◆ WHAT IS REQUIRED
The expected response consists solely of the lines from the line with "X \<omega>) = u" through the last line of the material below, copied exactly.

◆ DATA SUPPLIED
---

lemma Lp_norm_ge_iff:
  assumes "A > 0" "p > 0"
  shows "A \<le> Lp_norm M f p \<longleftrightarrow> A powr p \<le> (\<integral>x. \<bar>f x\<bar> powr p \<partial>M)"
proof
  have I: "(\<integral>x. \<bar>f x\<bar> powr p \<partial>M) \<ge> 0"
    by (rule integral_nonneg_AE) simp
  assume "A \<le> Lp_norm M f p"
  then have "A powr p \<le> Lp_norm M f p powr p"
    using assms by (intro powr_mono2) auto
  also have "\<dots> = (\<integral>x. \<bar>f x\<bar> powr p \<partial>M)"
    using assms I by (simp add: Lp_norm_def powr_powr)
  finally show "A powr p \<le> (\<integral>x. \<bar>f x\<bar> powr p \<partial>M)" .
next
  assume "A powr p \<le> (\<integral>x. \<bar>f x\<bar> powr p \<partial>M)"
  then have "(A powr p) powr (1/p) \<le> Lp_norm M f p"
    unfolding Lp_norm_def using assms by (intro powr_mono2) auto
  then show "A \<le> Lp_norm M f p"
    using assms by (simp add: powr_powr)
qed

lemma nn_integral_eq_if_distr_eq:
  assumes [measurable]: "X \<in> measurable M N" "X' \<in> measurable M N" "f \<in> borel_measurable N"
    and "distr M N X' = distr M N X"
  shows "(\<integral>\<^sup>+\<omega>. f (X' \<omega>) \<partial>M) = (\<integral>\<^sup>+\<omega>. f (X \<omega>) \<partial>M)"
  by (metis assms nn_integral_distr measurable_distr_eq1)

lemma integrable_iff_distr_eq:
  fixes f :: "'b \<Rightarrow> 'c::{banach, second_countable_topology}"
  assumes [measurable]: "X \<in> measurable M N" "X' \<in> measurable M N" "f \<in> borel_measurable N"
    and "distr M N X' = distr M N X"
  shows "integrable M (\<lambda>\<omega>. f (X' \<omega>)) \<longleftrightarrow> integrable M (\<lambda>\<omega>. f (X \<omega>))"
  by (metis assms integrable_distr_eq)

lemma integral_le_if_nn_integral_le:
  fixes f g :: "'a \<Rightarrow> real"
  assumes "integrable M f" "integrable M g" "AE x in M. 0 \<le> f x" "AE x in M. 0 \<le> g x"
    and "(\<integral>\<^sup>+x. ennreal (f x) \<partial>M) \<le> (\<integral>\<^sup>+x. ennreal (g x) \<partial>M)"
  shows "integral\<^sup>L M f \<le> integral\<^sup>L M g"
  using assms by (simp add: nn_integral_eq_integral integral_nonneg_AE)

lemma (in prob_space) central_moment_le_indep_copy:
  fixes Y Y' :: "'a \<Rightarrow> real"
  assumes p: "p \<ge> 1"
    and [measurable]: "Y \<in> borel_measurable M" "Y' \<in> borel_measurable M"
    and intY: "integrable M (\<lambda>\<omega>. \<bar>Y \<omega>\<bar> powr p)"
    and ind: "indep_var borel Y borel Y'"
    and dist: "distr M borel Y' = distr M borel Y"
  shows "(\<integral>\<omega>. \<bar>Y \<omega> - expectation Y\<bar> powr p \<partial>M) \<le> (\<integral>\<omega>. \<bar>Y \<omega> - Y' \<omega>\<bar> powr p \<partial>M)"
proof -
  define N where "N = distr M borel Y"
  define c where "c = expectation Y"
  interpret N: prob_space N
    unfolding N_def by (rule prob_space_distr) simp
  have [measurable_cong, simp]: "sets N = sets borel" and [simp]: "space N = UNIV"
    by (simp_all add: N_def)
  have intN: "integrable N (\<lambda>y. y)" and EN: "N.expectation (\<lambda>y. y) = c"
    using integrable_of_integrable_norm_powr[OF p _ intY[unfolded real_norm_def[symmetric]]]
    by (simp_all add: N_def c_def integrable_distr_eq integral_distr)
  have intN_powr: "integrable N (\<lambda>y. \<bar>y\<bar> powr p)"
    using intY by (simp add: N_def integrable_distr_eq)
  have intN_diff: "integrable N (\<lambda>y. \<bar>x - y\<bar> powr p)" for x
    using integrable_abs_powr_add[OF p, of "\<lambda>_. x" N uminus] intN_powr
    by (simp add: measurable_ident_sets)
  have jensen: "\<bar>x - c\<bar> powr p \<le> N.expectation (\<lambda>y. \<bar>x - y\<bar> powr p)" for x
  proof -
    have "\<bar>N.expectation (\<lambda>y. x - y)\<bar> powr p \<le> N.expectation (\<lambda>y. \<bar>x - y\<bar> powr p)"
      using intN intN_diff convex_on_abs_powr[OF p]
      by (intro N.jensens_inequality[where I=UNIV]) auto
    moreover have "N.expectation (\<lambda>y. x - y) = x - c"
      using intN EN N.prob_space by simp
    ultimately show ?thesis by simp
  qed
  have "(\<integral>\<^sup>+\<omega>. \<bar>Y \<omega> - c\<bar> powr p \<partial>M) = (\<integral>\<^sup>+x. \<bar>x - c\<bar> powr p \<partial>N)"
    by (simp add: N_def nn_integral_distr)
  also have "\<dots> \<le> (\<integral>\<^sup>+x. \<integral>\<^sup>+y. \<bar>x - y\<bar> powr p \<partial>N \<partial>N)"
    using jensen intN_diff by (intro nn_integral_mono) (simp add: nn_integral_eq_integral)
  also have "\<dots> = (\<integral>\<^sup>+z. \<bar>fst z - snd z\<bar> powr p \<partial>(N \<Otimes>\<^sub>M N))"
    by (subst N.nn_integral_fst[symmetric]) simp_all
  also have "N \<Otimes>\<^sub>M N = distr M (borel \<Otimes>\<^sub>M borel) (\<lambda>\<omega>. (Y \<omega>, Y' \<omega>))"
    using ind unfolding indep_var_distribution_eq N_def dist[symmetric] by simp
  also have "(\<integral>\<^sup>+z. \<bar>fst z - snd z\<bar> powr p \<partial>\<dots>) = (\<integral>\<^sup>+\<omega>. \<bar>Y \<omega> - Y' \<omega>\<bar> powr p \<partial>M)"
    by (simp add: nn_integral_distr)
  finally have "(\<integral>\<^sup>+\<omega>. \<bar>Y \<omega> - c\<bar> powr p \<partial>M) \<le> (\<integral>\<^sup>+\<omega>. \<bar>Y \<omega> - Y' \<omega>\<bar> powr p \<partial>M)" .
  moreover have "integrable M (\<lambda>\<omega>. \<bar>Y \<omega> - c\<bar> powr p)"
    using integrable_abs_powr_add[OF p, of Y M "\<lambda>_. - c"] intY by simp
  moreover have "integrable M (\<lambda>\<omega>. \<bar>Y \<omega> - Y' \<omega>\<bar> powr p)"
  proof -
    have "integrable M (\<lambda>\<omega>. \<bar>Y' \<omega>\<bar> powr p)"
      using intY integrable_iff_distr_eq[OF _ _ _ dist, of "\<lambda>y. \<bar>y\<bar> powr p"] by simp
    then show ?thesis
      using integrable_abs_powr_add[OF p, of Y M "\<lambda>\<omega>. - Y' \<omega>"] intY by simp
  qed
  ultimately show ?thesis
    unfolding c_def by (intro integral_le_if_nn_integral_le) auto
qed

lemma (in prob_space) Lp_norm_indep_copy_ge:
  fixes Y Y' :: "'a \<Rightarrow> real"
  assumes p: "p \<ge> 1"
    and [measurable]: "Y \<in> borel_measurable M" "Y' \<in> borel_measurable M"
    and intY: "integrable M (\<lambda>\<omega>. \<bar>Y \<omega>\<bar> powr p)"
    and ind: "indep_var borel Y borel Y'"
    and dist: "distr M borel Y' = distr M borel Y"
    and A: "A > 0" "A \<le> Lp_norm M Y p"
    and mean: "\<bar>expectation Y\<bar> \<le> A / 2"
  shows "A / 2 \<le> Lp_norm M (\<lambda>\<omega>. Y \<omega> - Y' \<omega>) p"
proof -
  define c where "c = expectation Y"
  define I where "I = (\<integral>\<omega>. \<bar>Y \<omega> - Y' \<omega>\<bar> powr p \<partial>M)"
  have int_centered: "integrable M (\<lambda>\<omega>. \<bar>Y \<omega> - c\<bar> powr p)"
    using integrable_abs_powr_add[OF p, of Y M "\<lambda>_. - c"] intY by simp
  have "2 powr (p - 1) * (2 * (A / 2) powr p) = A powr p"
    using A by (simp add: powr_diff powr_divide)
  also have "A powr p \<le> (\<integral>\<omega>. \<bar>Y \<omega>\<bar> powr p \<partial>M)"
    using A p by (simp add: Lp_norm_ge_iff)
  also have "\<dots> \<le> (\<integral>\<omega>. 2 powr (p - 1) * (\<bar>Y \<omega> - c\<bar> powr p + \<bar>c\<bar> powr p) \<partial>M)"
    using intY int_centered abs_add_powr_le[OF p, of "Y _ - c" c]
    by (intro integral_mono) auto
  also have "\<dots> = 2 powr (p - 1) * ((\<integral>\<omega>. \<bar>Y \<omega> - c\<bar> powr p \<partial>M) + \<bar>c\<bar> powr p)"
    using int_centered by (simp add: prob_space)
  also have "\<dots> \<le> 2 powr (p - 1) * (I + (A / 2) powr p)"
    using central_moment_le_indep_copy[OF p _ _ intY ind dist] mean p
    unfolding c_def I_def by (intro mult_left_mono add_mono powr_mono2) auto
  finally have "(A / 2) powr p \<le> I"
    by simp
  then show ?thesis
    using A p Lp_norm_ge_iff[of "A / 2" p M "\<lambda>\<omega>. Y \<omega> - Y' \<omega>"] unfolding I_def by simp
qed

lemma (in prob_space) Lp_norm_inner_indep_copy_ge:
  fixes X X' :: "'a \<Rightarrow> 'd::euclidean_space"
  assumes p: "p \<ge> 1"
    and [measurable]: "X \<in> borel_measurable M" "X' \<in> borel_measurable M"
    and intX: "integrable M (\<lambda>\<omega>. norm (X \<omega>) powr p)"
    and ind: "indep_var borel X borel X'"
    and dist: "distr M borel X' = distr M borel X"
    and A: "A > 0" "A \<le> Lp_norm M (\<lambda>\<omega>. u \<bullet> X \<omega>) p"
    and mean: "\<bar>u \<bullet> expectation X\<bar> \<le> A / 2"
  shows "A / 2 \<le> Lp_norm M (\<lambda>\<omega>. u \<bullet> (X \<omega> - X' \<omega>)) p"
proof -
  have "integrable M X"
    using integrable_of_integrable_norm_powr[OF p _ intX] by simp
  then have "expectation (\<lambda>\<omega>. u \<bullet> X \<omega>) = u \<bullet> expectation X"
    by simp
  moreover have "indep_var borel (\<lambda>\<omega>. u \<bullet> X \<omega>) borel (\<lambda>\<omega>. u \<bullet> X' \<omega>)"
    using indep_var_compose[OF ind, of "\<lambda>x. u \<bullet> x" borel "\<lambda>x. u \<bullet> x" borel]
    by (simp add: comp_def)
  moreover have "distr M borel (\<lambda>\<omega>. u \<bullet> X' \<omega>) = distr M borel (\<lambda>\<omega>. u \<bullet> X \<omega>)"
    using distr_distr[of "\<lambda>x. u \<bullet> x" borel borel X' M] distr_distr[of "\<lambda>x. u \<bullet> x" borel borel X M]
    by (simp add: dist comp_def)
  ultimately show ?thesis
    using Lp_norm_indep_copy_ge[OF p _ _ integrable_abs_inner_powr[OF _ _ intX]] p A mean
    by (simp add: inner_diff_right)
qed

---

◆ EXPECTED ANSWER
  then have "expectation (\<lambda>\<omega>. u \<bullet> X \<omega>) = u \<bullet> expectation X"
    by simp
  moreover have "indep_var borel (\<lambda>\<omega>. u \<bullet> X \<omega>) borel (\<lambda>\<omega>. u \<bullet> X' \<omega>)"
    using indep_var_compose[OF ind, of "\<lambda>x. u \<bullet> x" borel "\<lambda>x. u \<bullet> x" borel]
    by (simp add: comp_def)
  moreover have "distr M borel (\<lambda>\<omega>. u \<bullet> X' \<omega>) = distr M borel (\<lambda>\<omega>. u \<bullet> X \<omega>)"
    using distr_distr[of "\<lambda>x. u \<bullet> x" borel borel X' M] distr_distr[of "\<lambda>x. u \<bullet> x" borel borel X M]
    by (simp add: dist comp_def)
  ultimately show ?thesis
    using Lp_norm_indep_copy_ge[OF p _ _ integrable_abs_inner_powr[OF _ _ intX]] p A mean
    by (simp add: inner_diff_right)
qed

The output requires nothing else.